Action item.
Only the lines holding the word "thesis" are wanted; copy each of them from the listing.

━━━ Source data ━━━

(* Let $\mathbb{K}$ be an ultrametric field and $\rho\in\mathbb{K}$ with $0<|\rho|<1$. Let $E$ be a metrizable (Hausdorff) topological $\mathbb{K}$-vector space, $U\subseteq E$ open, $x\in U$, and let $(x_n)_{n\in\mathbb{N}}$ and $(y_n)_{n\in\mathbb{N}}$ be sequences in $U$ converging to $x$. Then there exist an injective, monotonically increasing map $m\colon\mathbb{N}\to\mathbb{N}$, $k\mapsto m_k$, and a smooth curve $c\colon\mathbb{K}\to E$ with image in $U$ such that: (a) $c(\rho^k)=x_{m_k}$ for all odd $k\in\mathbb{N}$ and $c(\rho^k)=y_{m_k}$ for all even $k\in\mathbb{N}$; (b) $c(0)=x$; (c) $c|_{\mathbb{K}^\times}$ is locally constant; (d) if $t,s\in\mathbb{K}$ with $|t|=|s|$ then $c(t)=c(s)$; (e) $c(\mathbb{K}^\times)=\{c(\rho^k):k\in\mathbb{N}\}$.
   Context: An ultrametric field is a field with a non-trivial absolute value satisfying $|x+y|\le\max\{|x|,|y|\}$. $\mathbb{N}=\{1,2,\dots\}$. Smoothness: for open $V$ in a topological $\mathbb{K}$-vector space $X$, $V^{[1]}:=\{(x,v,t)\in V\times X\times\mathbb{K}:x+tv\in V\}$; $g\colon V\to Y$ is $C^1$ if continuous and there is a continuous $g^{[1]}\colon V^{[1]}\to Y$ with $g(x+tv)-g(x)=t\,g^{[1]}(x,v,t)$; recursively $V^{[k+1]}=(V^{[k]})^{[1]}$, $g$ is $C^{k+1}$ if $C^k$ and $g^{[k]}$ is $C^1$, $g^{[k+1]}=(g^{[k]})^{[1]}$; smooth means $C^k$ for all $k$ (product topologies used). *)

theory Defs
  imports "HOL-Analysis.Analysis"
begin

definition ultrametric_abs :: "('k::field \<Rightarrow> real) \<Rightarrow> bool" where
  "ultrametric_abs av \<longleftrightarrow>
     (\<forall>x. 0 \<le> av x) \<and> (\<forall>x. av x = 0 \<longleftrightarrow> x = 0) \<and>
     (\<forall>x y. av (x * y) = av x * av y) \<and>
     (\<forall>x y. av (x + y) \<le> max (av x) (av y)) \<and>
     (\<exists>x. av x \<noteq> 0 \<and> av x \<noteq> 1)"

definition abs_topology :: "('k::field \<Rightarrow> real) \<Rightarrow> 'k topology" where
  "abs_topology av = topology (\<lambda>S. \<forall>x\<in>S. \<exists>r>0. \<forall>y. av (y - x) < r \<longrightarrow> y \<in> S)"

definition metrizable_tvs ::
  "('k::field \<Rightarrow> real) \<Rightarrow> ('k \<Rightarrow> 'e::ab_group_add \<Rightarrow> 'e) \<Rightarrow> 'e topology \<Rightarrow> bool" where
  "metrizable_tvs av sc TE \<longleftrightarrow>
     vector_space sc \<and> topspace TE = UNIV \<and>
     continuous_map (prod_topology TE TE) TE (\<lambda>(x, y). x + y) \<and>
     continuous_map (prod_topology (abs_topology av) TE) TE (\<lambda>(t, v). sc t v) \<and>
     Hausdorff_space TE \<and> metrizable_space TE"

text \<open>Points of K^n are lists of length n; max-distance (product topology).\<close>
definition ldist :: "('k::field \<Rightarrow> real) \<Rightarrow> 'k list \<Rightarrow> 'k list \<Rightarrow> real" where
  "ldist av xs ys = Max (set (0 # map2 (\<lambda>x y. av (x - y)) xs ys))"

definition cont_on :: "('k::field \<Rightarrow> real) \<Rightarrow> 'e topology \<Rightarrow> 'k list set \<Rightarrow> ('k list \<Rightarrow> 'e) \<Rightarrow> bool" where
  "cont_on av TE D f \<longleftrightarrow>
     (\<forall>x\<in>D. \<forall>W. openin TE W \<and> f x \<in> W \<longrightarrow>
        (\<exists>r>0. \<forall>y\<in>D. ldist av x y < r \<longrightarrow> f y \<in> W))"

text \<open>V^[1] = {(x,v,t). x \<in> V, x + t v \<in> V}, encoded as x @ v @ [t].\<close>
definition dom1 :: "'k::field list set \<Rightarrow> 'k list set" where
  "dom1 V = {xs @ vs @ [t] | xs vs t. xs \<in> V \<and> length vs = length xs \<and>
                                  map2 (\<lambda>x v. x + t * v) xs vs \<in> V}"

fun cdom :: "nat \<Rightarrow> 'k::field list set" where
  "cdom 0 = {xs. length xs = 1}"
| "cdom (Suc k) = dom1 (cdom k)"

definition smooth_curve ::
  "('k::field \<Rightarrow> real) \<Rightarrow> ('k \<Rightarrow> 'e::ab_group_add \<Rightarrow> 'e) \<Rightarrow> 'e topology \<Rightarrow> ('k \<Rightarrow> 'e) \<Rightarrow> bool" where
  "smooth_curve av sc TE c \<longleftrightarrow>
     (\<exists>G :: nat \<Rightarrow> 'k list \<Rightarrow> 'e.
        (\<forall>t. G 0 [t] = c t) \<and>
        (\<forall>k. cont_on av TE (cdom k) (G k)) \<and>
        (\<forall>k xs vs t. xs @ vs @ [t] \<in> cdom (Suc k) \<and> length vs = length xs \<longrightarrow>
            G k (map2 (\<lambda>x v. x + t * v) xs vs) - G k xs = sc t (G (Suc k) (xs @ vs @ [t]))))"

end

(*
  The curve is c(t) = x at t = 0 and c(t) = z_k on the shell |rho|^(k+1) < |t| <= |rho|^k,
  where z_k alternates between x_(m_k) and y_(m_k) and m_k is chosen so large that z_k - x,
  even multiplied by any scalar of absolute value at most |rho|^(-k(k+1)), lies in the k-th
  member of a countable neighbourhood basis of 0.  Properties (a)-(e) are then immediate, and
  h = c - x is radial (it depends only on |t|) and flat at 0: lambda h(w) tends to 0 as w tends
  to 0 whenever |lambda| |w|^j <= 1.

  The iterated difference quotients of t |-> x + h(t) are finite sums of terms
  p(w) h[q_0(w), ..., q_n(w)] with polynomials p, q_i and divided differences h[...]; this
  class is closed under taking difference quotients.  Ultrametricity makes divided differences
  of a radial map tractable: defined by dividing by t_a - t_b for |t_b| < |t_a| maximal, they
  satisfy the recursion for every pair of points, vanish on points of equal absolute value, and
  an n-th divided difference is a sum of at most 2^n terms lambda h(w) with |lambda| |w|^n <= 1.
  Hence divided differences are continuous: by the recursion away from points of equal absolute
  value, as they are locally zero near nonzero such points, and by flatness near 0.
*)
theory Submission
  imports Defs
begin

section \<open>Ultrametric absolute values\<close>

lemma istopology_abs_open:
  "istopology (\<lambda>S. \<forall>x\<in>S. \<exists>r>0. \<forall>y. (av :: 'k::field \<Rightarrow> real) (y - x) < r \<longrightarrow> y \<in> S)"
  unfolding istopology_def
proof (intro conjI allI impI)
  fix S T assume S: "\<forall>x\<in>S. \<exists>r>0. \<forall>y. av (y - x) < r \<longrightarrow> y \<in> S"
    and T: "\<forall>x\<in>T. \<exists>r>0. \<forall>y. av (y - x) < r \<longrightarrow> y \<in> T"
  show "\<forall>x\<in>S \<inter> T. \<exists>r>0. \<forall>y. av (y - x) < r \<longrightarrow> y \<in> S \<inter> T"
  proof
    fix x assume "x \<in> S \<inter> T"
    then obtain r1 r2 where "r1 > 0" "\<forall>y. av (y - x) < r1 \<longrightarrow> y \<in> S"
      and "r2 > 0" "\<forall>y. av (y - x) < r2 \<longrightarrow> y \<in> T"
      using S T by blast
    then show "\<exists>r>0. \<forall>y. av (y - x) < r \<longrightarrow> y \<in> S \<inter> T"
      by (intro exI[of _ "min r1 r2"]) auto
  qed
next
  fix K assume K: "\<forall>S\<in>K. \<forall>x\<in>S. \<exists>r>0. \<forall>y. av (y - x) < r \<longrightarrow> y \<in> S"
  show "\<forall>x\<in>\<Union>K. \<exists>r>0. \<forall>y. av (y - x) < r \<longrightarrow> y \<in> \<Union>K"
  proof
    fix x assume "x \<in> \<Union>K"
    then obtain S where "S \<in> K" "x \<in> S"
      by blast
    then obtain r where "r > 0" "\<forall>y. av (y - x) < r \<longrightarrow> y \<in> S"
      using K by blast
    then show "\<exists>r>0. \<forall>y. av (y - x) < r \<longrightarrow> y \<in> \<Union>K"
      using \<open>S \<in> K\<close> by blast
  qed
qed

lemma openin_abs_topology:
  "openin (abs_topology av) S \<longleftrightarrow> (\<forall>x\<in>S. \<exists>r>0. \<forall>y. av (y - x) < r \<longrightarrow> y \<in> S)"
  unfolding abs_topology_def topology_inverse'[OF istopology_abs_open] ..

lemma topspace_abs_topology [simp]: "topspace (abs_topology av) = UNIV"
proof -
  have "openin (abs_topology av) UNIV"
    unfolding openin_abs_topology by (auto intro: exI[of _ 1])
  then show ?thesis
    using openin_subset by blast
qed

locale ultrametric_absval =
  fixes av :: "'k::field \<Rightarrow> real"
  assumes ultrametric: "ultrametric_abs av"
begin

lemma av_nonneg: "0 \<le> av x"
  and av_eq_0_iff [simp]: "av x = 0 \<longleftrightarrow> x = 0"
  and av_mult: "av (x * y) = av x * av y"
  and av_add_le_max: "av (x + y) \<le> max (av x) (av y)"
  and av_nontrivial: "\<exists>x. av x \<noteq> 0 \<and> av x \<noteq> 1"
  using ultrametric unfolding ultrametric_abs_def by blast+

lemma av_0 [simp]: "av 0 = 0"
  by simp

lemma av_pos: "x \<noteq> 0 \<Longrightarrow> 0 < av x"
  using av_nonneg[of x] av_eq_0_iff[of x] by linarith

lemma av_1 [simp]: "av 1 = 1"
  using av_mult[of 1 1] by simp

━━━
━━━ Source data ━━━

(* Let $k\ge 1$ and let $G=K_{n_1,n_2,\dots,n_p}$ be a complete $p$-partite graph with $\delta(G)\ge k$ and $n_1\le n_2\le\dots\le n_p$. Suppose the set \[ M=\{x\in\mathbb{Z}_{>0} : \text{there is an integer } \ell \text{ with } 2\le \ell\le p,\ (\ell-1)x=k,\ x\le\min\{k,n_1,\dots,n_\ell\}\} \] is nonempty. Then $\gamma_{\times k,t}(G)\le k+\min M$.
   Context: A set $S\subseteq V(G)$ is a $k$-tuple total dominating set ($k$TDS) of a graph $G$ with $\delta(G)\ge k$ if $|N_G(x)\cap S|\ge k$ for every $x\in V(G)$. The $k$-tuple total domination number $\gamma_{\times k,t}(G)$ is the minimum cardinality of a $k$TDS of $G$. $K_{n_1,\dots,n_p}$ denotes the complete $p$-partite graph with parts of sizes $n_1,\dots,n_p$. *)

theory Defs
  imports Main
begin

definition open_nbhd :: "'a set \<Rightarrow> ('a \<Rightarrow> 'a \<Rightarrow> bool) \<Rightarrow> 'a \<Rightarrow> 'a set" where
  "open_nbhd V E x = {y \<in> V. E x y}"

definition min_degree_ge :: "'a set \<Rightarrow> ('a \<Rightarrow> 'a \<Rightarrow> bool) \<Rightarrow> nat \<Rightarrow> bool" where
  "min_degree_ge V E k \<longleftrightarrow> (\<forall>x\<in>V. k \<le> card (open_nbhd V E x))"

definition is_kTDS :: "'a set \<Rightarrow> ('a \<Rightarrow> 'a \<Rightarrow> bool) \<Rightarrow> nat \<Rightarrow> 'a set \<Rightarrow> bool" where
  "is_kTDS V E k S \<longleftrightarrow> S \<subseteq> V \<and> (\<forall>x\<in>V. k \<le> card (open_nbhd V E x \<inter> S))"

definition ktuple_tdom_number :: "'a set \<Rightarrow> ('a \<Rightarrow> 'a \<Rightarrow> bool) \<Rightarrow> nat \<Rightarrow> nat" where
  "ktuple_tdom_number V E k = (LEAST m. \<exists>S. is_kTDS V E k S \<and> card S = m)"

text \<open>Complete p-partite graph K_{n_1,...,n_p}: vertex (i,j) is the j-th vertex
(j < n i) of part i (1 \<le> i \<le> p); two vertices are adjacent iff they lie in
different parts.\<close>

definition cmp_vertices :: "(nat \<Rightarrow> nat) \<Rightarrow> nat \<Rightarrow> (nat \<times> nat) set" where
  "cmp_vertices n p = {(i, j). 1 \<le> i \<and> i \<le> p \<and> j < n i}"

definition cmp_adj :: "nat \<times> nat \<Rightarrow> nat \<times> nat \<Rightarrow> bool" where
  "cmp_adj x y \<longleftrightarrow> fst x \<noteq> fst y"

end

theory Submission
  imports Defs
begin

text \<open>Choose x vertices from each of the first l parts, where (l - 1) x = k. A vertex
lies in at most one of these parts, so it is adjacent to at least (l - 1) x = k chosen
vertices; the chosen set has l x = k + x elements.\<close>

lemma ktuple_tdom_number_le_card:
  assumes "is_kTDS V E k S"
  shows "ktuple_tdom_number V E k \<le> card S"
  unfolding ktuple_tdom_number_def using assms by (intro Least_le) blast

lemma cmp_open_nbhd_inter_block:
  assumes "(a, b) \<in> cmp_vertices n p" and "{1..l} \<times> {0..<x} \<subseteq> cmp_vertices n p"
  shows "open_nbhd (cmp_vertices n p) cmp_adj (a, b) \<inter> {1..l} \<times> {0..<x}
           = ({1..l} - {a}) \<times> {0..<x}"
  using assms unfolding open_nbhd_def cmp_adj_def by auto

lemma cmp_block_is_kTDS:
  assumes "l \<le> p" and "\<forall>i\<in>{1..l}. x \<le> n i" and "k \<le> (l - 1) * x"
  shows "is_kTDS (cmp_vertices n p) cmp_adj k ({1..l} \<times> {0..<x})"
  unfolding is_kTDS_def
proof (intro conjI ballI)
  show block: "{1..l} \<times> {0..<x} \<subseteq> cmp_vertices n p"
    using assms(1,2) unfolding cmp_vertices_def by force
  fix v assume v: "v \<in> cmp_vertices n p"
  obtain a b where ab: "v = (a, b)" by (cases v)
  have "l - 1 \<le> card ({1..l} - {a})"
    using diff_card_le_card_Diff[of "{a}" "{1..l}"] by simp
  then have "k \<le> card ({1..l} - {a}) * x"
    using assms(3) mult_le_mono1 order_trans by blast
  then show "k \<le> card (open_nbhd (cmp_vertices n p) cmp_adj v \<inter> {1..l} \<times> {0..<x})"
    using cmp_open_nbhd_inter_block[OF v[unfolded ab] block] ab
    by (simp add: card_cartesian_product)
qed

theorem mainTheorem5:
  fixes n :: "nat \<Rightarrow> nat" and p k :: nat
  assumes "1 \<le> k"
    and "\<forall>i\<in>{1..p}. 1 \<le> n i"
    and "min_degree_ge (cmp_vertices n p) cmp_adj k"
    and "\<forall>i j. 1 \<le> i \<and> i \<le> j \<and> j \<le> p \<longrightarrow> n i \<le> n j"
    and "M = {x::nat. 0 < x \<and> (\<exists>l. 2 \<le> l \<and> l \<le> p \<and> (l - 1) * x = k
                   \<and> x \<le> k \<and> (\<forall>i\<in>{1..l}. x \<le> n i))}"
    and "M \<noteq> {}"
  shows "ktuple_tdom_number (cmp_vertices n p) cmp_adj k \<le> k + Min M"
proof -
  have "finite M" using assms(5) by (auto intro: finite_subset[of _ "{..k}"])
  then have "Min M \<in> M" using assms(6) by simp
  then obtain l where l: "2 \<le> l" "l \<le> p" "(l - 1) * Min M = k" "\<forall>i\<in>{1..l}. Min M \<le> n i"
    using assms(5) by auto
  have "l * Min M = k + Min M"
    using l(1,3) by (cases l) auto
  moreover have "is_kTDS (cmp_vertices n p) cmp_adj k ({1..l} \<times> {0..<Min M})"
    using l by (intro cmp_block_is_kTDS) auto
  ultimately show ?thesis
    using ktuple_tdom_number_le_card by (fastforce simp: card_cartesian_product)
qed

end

━━━
━━━ Source data ━━━

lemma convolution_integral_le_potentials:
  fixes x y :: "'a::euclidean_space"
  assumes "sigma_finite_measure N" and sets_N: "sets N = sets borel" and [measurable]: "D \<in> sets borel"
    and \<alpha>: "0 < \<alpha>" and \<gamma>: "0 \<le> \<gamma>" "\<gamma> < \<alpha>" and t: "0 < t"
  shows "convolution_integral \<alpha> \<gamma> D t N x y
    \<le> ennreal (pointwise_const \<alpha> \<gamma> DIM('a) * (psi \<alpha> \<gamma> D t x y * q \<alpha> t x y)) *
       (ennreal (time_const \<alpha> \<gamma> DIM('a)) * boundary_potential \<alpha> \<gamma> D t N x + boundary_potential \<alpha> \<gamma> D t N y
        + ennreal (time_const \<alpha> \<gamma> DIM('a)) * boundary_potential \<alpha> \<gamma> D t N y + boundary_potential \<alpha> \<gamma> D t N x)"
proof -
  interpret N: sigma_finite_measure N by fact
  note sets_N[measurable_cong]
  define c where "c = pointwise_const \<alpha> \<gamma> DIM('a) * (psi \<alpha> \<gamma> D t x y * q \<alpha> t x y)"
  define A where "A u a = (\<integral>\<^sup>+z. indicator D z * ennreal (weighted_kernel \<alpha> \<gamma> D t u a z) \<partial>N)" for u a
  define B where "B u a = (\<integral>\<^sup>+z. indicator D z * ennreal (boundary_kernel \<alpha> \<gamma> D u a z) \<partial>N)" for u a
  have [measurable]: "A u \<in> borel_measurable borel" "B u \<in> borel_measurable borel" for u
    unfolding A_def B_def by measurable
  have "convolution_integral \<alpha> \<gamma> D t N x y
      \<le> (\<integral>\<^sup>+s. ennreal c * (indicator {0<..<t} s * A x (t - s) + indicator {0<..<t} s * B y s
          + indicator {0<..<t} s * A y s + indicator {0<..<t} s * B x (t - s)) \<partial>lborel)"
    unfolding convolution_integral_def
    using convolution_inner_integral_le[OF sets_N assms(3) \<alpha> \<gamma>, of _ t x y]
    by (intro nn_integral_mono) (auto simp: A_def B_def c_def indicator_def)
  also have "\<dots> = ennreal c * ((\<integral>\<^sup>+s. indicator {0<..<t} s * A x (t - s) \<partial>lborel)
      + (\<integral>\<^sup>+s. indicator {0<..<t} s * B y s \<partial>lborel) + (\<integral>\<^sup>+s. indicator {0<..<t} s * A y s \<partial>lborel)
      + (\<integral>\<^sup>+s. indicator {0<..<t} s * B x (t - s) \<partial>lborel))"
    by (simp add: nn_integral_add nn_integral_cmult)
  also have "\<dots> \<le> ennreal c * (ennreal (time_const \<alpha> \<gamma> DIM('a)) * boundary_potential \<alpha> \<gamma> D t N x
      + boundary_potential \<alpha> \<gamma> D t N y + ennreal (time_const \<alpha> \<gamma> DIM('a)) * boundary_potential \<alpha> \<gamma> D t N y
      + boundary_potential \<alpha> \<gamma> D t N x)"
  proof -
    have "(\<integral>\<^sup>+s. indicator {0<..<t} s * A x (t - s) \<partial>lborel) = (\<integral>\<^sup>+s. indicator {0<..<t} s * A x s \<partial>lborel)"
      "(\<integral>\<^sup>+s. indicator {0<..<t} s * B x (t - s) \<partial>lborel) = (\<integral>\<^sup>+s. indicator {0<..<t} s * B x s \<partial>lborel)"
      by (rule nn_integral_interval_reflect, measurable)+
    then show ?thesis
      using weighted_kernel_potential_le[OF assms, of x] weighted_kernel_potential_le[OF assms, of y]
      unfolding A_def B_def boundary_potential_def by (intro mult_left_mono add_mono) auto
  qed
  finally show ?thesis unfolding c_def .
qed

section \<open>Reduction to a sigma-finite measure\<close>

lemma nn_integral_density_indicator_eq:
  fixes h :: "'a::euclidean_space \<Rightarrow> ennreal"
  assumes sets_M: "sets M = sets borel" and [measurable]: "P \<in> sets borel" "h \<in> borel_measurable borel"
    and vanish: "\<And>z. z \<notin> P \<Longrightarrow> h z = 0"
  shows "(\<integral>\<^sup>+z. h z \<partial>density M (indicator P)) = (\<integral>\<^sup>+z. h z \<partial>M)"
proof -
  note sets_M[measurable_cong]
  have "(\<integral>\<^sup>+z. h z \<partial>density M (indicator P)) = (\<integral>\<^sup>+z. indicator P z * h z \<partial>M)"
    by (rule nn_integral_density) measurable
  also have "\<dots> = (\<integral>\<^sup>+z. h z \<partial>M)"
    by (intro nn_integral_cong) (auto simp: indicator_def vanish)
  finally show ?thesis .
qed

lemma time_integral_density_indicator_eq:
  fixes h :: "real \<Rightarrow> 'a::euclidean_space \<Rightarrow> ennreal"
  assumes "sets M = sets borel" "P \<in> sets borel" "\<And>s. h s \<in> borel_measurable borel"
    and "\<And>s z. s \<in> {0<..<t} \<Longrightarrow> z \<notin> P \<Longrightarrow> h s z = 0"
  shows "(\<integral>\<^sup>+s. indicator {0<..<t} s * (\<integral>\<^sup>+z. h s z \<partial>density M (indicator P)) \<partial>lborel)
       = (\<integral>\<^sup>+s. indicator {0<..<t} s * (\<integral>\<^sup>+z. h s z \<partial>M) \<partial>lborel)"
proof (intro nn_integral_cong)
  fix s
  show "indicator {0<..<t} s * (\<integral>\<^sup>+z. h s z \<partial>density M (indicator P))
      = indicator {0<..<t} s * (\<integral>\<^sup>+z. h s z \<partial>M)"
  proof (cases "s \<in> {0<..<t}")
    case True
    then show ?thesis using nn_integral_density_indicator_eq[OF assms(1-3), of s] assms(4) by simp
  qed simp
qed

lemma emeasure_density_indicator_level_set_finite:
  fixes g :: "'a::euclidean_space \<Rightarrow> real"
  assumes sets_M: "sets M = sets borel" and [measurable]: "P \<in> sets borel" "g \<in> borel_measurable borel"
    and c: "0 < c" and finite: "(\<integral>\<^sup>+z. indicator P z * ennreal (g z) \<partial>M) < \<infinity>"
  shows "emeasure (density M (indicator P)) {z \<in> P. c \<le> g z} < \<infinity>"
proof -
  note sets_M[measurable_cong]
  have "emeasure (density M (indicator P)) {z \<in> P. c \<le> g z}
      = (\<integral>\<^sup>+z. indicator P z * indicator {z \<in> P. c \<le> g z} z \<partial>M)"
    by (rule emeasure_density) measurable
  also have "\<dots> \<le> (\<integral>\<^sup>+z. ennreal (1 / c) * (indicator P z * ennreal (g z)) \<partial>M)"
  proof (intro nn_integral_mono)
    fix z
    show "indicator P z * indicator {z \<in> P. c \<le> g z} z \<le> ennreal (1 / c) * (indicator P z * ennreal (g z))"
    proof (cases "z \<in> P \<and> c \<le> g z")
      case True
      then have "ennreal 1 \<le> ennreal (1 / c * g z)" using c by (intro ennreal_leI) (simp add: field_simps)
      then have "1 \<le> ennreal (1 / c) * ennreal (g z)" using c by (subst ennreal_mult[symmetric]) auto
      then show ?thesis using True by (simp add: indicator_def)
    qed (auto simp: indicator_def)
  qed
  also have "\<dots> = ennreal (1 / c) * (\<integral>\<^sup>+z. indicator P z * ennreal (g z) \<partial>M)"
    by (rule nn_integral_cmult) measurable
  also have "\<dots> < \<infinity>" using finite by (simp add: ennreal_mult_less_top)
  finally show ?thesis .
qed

━━━

Answer to this problem.
  then show ?thesis
  ultimately show ?thesis
    then show ?thesis
  finally show ?thesis unfolding c_def .
  finally show ?thesis .
    then show ?thesis using nn_integral_density_indicator_eq[OF assms(1-3), of s] assms(4) by simp
      then show ?thesis using True by (simp add: indicator_def)
  finally show ?thesis .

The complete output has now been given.